This week, temperatures are rising across India, prompting alerts about heat waves and raising the possibility of blackouts, potentially putting millions of people at danger for fatal heat exhaustion or heat stroke.
On Monday, the highest temperature in Baripada, Odisha, topped 44 degrees Celsius and lingered nearly 5 degrees Celsius above average in many parts. Heat wave warnings have been issued by the India Meteorological Department (IMD) for numerous states, including Haryana, Uttar Pradesh, West Bengal, Bihar, and Odisha.
India is preparing for what could be an unusually hot summer. After the subcontinent suffered a brutal heat wave in 2022 that caused significant human suffering and affected the global wheat supply, more attention is being paid to weather conditions this year. As the number of people turning on their air conditioners and overloading infrastructure increases, so does concern about power outages.
Humidity and heat together can be extremely harmful or even fatal. The vast majority of India's 1.4 billion people work outdoors, frequently uncovered. Every year during the summer, a large number of rickshaw pullers, construction workers and street vendors die from the heat. The most serious heat-related occupational losses occur in India.

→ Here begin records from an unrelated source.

(* Let $G=(V,E,\{w_j\})$ be a reduced instance of the line highway problem with $[s,\ell]$-valuation, and let $r=s/\ell$. Let $\boldsymbol{\tau}$ be the (random) price vector output by the algorithm Line_Cut described in the context. Then \[ \frac{\mathrm{Opt}_{\rm coup}(G)}{\mathbf{E}[\mathrm{Profit}_{\rm coup}(\boldsymbol{\tau})]}\le 4(1-\ln r), \] where the expectation is over the random choices of the algorithm.
   Context: For integers $a\le b$, $[a,b]=\{a,a+1,\dots,b\}$. A reduced instance of the line highway problem is $G=(V,E,\{w_j\})$ with $V=[1,n]$ (items) and a finite multiset $E=\{e_1,\dots,e_m\}$ of customers, each $e_j=[j_s,j_t]$ with $1\le j_s\le j_t\le n$, having valuation $w_j>0$; valuations are integers. It has $[s,\ell]$-valuation if $s=\min_j w_j$ and $\ell=\max_j w_j$. For a price vector $\mathbf p\in\mathbb R^n$ (prices may be negative), $p(e_j)=\sum_{i\in e_j}p_i$, the coupon-model profit is $\mathrm{Profit}_{\rm coup}(\mathbf p)=\sum_{j:\,w_j\ge p(e_j)}\max\{p(e_j),0\}$, and $\mathrm{Opt}_{\rm coup}(G)=\max_{\mathbf p}\mathrm{Profit}_{\rm coup}(\mathbf p)$. The DAG representation of $G$ has vertices $u_0,\dots,u_n$ and, for each $e_j=[j_s,j_t]$, an arc $u_{j_s-1}\to u_{j_t}$ of weight $w_j$; a partial-sum vector $(s_0,\dots,s_n)$ determines prices $p_i=s_i-s_{i-1}$. Algorithm Line_Cut: construct the DAG representation; mark each vertex independently with probability $1/2$; let $L$ be the marked and $R$ the unmarked vertices; for each integer $x\in[s,\ell]$ assign partial sum $0$ to all vertices of $L$ and $x$ to all vertices of $R$, obtaining a price vector $\boldsymbol\tau_x$; output a $\boldsymbol\tau$ among $\boldsymbol\tau_s,\dots,\boldsymbol\tau_\ell$ maximizing $\mathrm{Profit}_{\rm coup}$. *)

theory Defs
  imports Complex_Main
begin

text \<open>A customer is a triple (j_s, j_t, w_j): the interval [j_s, j_t] of items and its
  integer valuation. An instance is given by the number of items n and the list
  (multiset) of customers.\<close>

type_synonym customer = "nat \<times> nat \<times> int"

definition reduced_instance :: "nat \<Rightarrow> customer list \<Rightarrow> bool" where
  "reduced_instance n E \<longleftrightarrow>
     (\<forall>(a, b, w) \<in> set E. 1 \<le> a \<and> a \<le> b \<and> b \<le> n \<and> w > 0)"

definition min_val :: "customer list \<Rightarrow> int" where
  "min_val E = Min ((\<lambda>(a, b, w). w) ` set E)"

definition max_val :: "customer list \<Rightarrow> int" where
  "max_val E = Max ((\<lambda>(a, b, w). w) ` set E)"

definition bundle_price :: "(nat \<Rightarrow> real) \<Rightarrow> nat \<Rightarrow> nat \<Rightarrow> real" where
  "bundle_price p a b = (\<Sum>i\<in>{a..b}. p i)"

definition profit_coup :: "customer list \<Rightarrow> (nat \<Rightarrow> real) \<Rightarrow> real" where
  "profit_coup E p =
     (\<Sum>(a, b, w) \<leftarrow> E. if real_of_int w \<ge> bundle_price p a b
                          then max (bundle_price p a b) 0 else 0)"

definition opt_coup :: "nat \<Rightarrow> customer list \<Rightarrow> real" where
  "opt_coup n E = (SUP p \<in> {p :: nat \<Rightarrow> real. \<forall>i. i \<notin> {1..n} \<longrightarrow> p i = 0}. profit_coup E p)"

text \<open>Price vector obtained from partial sums: vertices u_k with k in L get partial sum 0,
  the others get x; p_i = s_i - s_(i-1).\<close>
definition cut_prices :: "nat \<Rightarrow> nat set \<Rightarrow> int \<Rightarrow> nat \<Rightarrow> real" where
  "cut_prices n L x i =
     (if i \<in> {1..n} then
        (if i \<in> L then 0 else real_of_int x) - (if i - 1 \<in> L then 0 else real_of_int x)
      else 0)"

text \<open>Profit of the output of Line_Cut for a fixed marking L (the marked vertex indices).\<close>
definition line_cut_profit :: "nat \<Rightarrow> customer list \<Rightarrow> nat set \<Rightarrow> real" where
  "line_cut_profit n E L =
     Max ((\<lambda>x. profit_coup E (cut_prices n L x)) ` {min_val E .. max_val E})"

text \<open>Expectation over the uniformly random marking of u_0,...,u_n (each marked
  independently with probability 1/2).\<close>
definition expected_line_cut_profit :: "nat \<Rightarrow> customer list \<Rightarrow> real" where
  "expected_line_cut_profit n E =
     (\<Sum>L\<in>Pow {0..n}. line_cut_profit n E L) / 2 ^ (n + 1)"

end

theory Submission
  imports Defs
begin

text \<open>Write \<open>D(x)\<close> for the number of customers with valuation at least \<open>x\<close> and
  \<open>M = max\<^sub>x x D(x)\<close> over \<open>x \<in> [s,\<ell>]\<close>. The optimum is at most \<open>\<Sum>\<^sub>j w\<^sub>j = \<Sum>\<^sub>k D(k)\<close>; the
  terms with \<open>k \<le> s\<close> sum to \<open>s D(s) \<le> M\<close>, and each term with \<open>k > s\<close> is at most \<open>M/k\<close>, so the
  optimum is at most \<open>M (1 + ln (\<ell>/s))\<close>. Conversely, under \<open>\<tau>\<^sub>x\<close> the bundle \<open>[a,b]\<close> costs
  \<open>x\<close> whenever \<open>u\<^sub>a\<^sub>-\<^sub>1\<close> is marked and \<open>u\<^sub>b\<close> is not, which happens with probability \<open>1/4\<close>;
  hence \<open>\<tau>\<^sub>x\<close> earns \<open>x D(x)/4\<close> in expectation, and the best \<open>x\<close> earns at least \<open>M/4\<close>.\<close>

definition pays :: "(nat \<Rightarrow> real) \<Rightarrow> customer \<Rightarrow> real" where
  "pays p c = (case c of (a, b, w) \<Rightarrow>
     if real_of_int w \<ge> bundle_price p a b then max (bundle_price p a b) 0 else 0)"

definition demand :: "customer list \<Rightarrow> int \<Rightarrow> real" where
  "demand E x = (\<Sum>(a, b, w) \<leftarrow> E. if x \<le> w then 1 else 0)"

lemma demand_eq_length:
  "\<forall>(a, b, w) \<in> set E. x \<le> w \<Longrightarrow> demand E x = real (length E)"
  by (induction E) (auto simp: demand_def)

lemma profit_coup_eq_sum_pays: "profit_coup E p = (\<Sum>c \<leftarrow> E. pays p c)"
  by (simp add: profit_coup_def pays_def case_prod_unfold)

lemma pays_nonneg: "0 \<le> pays p c"
  by (simp add: pays_def split: prod.split)

lemma pays_le_valuation: "0 \<le> w \<Longrightarrow> pays p (a, b, w) \<le> real_of_int w"
  by (simp add: pays_def)

lemma sum_sum_list_swap:
  "(\<Sum>L\<in>A. \<Sum>c \<leftarrow> E. f c L) = (\<Sum>c \<leftarrow> E. \<Sum>L\<in>A. (f c L :: real))"
  by (induction E) (auto simp: sum.distrib)

lemma min_val_le:
  "(a, b, w) \<in> set E \<Longrightarrow> min_val E \<le> w"
  unfolding min_val_def by (rule Min_le) force+

lemma le_max_val:
  "(a, b, w) \<in> set E \<Longrightarrow> w \<le> max_val E"
  unfolding max_val_def by (rule Max_ge) force+

lemma min_val_mem:
  assumes "E \<noteq> []"
  obtains a b where "(a, b, min_val E) \<in> set E"
proof -
  have "min_val E \<in> (\<lambda>(a, b, w). w) ` set E"
    unfolding min_val_def using assms by (intro Min_in) auto
  then show ?thesis using that by auto
qed

lemma opt_coup_le_total_valuation:
  assumes "\<forall>(a, b, w) \<in> set E. 0 \<le> w"
  shows "opt_coup n E \<le> (\<Sum>(a, b, w) \<leftarrow> E. real_of_int w)"
proof -
  have "profit_coup E p \<le> (\<Sum>(a, b, w) \<leftarrow> E. real_of_int w)" for p
    unfolding profit_coup_eq_sum_pays
    using assms pays_le_valuation by (intro sum_list_mono) auto
  then show ?thesis
    unfolding opt_coup_def by (intro cSUP_least) auto
qed

lemma total_valuation_eq_sum_demand:
  assumes "\<forall>(a, b, w) \<in> set E. 0 \<le> w \<and> w \<le> l"
  shows "(\<Sum>(a, b, w) \<leftarrow> E. real_of_int w) = (\<Sum>k = 1..l. demand E k)"
proof -
  have "real_of_int w = (\<Sum>k = 1..l. if k \<le> w then 1 else 0)" if "0 \<le> w" "w \<le> l" for w
  proof -
    have "{k \<in> {1..l}. k \<le> w} = {1..w}" using that by auto
    then show ?thesis using that by (simp flip: sum.inter_filter)
  qed
  then have "(\<Sum>(a, b, w) \<leftarrow> E. real_of_int w)
      = (\<Sum>(a, b, w) \<leftarrow> E. \<Sum>k = 1..l. if k \<le> w then 1 else 0)"
    using assms by (intro arg_cong[where f = sum_list] map_cong) auto
  then show ?thesis
    unfolding demand_def by (simp add: sum_sum_list_swap case_prod_unfold)
qed

lemma sum_inverse_le_ln_diff:
  fixes s l :: int
  assumes "1 \<le> s" "s \<le> l"
  shows "(\<Sum>k = s + 1..l. 1 / real_of_int k) \<le> ln (real_of_int l) - ln (real_of_int s)"
  using assms(2)
proof (induction l rule: int_ge_induct)
  case base
  then show ?case by simp
next
  case (step i)
  have i_pos: "0 < real_of_int i" using step.hyps assms by simp
  have "ln (real_of_int i / real_of_int (i + 1)) \<le> real_of_int i / real_of_int (i + 1) - 1"
    using i_pos by (intro ln_le_minus_one) simp
  then have "1 / real_of_int (i + 1) \<le> ln (real_of_int (i + 1)) - ln (real_of_int i)"
    using i_pos by (simp add: ln_div field_simps)
  moreover have "{s + 1..i + 1} = insert (i + 1) {s + 1..i}" using step.hyps by auto
  ultimately show ?case using step.IH by simp
qed

lemma sum_le_revenue_bound:
  fixes f :: "int \<Rightarrow> real" and s l :: int
  assumes "1 \<le> s" "s \<le> l" "0 \<le> M"
    and flat: "\<forall>k \<in> {1..s}. f k \<le> f s"
    and revenue: "\<forall>k \<in> {s..l}. real_of_int k * f k \<le> M"
  shows "(\<Sum>k = 1..l. f k) \<le> M * (1 - ln (real_of_int s / real_of_int l))"
proof -
  have "(\<Sum>k = 1..s. f k) \<le> real (card {1..s}) * f s"
    using flat by (intro sum_bounded_above) auto
  also have "\<dots> \<le> M" using revenue assms(1,2) by simp
  finally have low: "(\<Sum>k = 1..s. f k) \<le> M" .
  have "(\<Sum>k = s + 1..l. f k) \<le> (\<Sum>k = s + 1..l. M * (1 / real_of_int k))"
  proof (rule sum_mono)
    fix k assume k: "k \<in> {s + 1..l}"
    then have "real_of_int k * f k \<le> M" "0 < real_of_int k" using revenue assms(1) by auto
    then show "f k \<le> M * (1 / real_of_int k)" by (simp add: field_simps mult.commute)
  qed
  also have "\<dots> = M * (\<Sum>k = s + 1..l. 1 / real_of_int k)"
    by (simp add: sum_distrib_left)
  also have "\<dots> \<le> M * (ln (real_of_int l) - ln (real_of_int s))"
    using sum_inverse_le_ln_diff[OF assms(1,2)] assms(3) by (rule mult_left_mono)
  finally have high: "(\<Sum>k = s + 1..l. f k) \<le> M * (ln (real_of_int l) - ln (real_of_int s))" .
  have "{1..l} = {1..s} \<union> {s + 1..l}" using assms(1,2) by auto
  then have "(\<Sum>k = 1..l. f k) = (\<Sum>k = 1..s. f k) + (\<Sum>k = s + 1..l. f k)"
    by (simp add: sum.union_disjoint)
  also have "\<dots> \<le> M * (1 - ln (real_of_int s / real_of_int l))"
    using low high assms(1,2) by (simp add: ln_div algebra_simps)
  finally show ?thesis .
qed

lemma bundle_price_cut_prices:
  assumes "1 \<le> a" "a \<le> b" "b \<le> n"
  shows "bundle_price (cut_prices n L x) a b =
     (if b \<in> L then 0 else real_of_int x) - (if a - 1 \<in> L then 0 else real_of_int x)"
  using assms(2,3)
proof (induction b rule: dec_induct)
  case base
  then show ?case using assms(1) by (simp add: bundle_price_def cut_prices_def)
next
  case (step k)
  have "bundle_price (cut_prices n L x) a (Suc k) =
      bundle_price (cut_prices n L x) a k + cut_prices n L x (Suc k)"
    using step.hyps by (simp add: bundle_price_def atLeastAtMostSuc_conv)
  moreover have "cut_prices n L x (Suc k) =
      (if Suc k \<in> L then 0 else real_of_int x) - (if k \<in> L then 0 else real_of_int x)"
    using step.prems by (simp add: cut_prices_def)
  ultimately show ?case using step by simp
qed

lemma card_Pow_separating:
  assumes "finite A" "u \<in> A" "v \<in> A" "u \<noteq> v"
  shows "card {L \<in> Pow A. u \<in> L \<and> v \<notin> L} = 2 ^ (card A - 2)"
proof -
  have "bij_betw (insert u) (Pow (A - {u, v})) {L \<in> Pow A. u \<in> L \<and> v \<notin> L}"
    by (rule bij_betw_byWitness[where f' = "\<lambda>L. L - {u}"]) (use assms in auto)
  then have "card {L \<in> Pow A. u \<in> L \<and> v \<notin> L} = card (Pow (A - {u, v}))"
    by (simp add: bij_betw_same_card)
  also have "\<dots> = 2 ^ card (A - {u, v})"
    using assms(1) by (simp add: card_Pow)
  also have "card (A - {u, v}) = card A - 2"
    using assms by (subst card_Diff_subset) auto
  finally show ?thesis .
qed

lemma sum_pays_cut_prices_ge:
  assumes "1 \<le> a" "a \<le> b" "b \<le> n" "0 < x"
  shows "2 ^ (n - 1) * real_of_int x * (if x \<le> w then 1 else 0)
           \<le> (\<Sum>L \<in> Pow {0..n}. pays (cut_prices n L x) (a, b, w))"
proof (cases "x \<le> w")
  case True
  define S where "S = {L \<in> Pow {0..n}. a - 1 \<in> L \<and> b \<notin> L}"
  have "card S = 2 ^ (n - 1)"
    unfolding S_def using assms by (subst card_Pow_separating) auto
  then have "2 ^ (n - 1) * real_of_int x = (\<Sum>L \<in> S. real_of_int x)" by simp
  also have "\<dots> \<le> (\<Sum>L \<in> S. pays (cut_prices n L x) (a, b, w))"
    using True assms by (intro sum_mono) (auto simp: S_def pays_def bundle_price_cut_prices)
  also have "\<dots> \<le> (\<Sum>L \<in> Pow {0..n}. pays (cut_prices n L x) (a, b, w))"
    by (intro sum_mono2) (auto simp: S_def pays_nonneg)
  finally show ?thesis using True by simp
qed (simp add: sum_nonneg pays_nonneg)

In Maharashtra, where they stood in the hot sun for hours, at a government-sponsored event on Sunday, at least 11 people died of dehydration and dozens more required medical attention after heat strokes.
Authorities have urged people to take care of their health by drinking plenty of water. The weather service suggested avoiding direct sunlight and wearing loose-fitting, lightweight cotton clothing.
The eastern state of West Bengal has ordered all schools to close this week to protect children from the extreme heat. Other provinces have shortened school schedules.
Temperatures are rising across the country this week, prompting heat-wave warnings and raising the chance of blackouts, potentially exposing millions to heat exhaustion or lethal heat stroke.
India is preparing for a hotter than typical summer. This year, there is a greater emphasis on weather since the subcontinent experienced a terrible heat wave in 2022, causing considerable human misery and disrupting global wheat supplies. There is also fear about power outages when people turn up their air conditioners and other appliances.